Reproduce only the lines that run from the line containing "by (auto simp: dist_real_def" to the end of the entries below, exactly as they stand.
-------- Task material
lemma limsup_diag_limsup:
  "limsup (\<lambda>t. ereal (diag_limsup v (map x [0..<Suc t]))) = ereal c"
proof (rule antisym)
  show "limsup (\<lambda>t. ereal (diag_limsup v (map x [0..<Suc t]))) \<le> ereal c"
    by (rule ereal_le_epsilon2) (use limsup_diag_limsup_le in simp)
  show "ereal c \<le> limsup (\<lambda>t. ereal (diag_limsup v (map x [0..<Suc t])))"
  proof (rule dense_le)
    fix w assume "w < ereal c"
    then obtain z where "w < ereal z" "ereal z < ereal c"
      using ereal_dense2 by blast
    then show "w \<le> limsup (\<lambda>t. ereal (diag_limsup v (map x [0..<Suc t])))"
      using limsup_diag_limsup_ge[of z] by simp
  qed
qed

end

theorem mainTheorem4:
  fixes A :: "'a set" and T :: "'a list set"
    and fs :: "nat \<Rightarrow> (nat \<Rightarrow> 'a) \<Rightarrow> real" and f :: "(nat \<Rightarrow> 'a) \<Rightarrow> real"
  assumes "countable A" and "A \<noteq> {}" and "pruned_tree A T"
    and "\<And>n. is_limsup_function T (fs n)"
    and "uniform_limit (branches T) fs f sequentially"
  shows "is_limsup_function T f"
proof -
  have "\<exists>n. \<forall>x\<in>branches T. \<bar>fs n x - f x\<bar> < tol k" for k
  proof -
    have "0 < tol k"
      by (simp add: tol_def)
    with assms(5) have "\<forall>\<^sub>F n in sequentially. \<forall>x\<in>branches T. dist (fs n x) (f x) < tol k"
      unfolding uniform_limit_iff by blast
    then show ?thesis
      by (auto simp: dist_real_def eventually_sequentially)
  qed
  then obtain nn where nn: "\<And>k x. x \<in> branches T \<Longrightarrow> \<bar>fs (nn k) x - f x\<bar> < tol k"
    by metis
  have "\<forall>k. \<exists>w. \<forall>x\<in>branches T. limsup (\<lambda>t. ereal (w (map x [0..<Suc t]))) = ereal (fs (nn k) x)"
    using assms(4) by (simp add: is_limsup_function_def)
  then obtain v where v: "\<And>k x. x \<in> branches T \<Longrightarrow>
      limsup (\<lambda>t. ereal (v k (map x [0..<Suc t]))) = ereal (fs (nn k) x)"
    by metis
  show ?thesis
    unfolding is_limsup_function_def using limsup_diag_limsup[OF v nn] by blast
qed

end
----------------
• Solved exercise:
      by (auto simp: dist_real_def eventually_sequentially)
  qed
  then obtain nn where nn: "\<And>k x. x \<in> branches T \<Longrightarrow> \<bar>fs (nn k) x - f x\<bar> < tol k"
    by metis
  have "\<forall>k. \<exists>w. \<forall>x\<in>branches T. limsup (\<lambda>t. ereal (w (map x [0..<Suc t]))) = ereal (fs (nn k) x)"
    using assms(4) by (simp add: is_limsup_function_def)
  then obtain v where v: "\<And>k x. x \<in> branches T \<Longrightarrow>
      limsup (\<lambda>t. ereal (v k (map x [0..<Suc t]))) = ereal (fs (nn k) x)"
    by metis
  show ?thesis
    unfolding is_limsup_function_def using limsup_diag_limsup[OF v nn] by blast
qed

end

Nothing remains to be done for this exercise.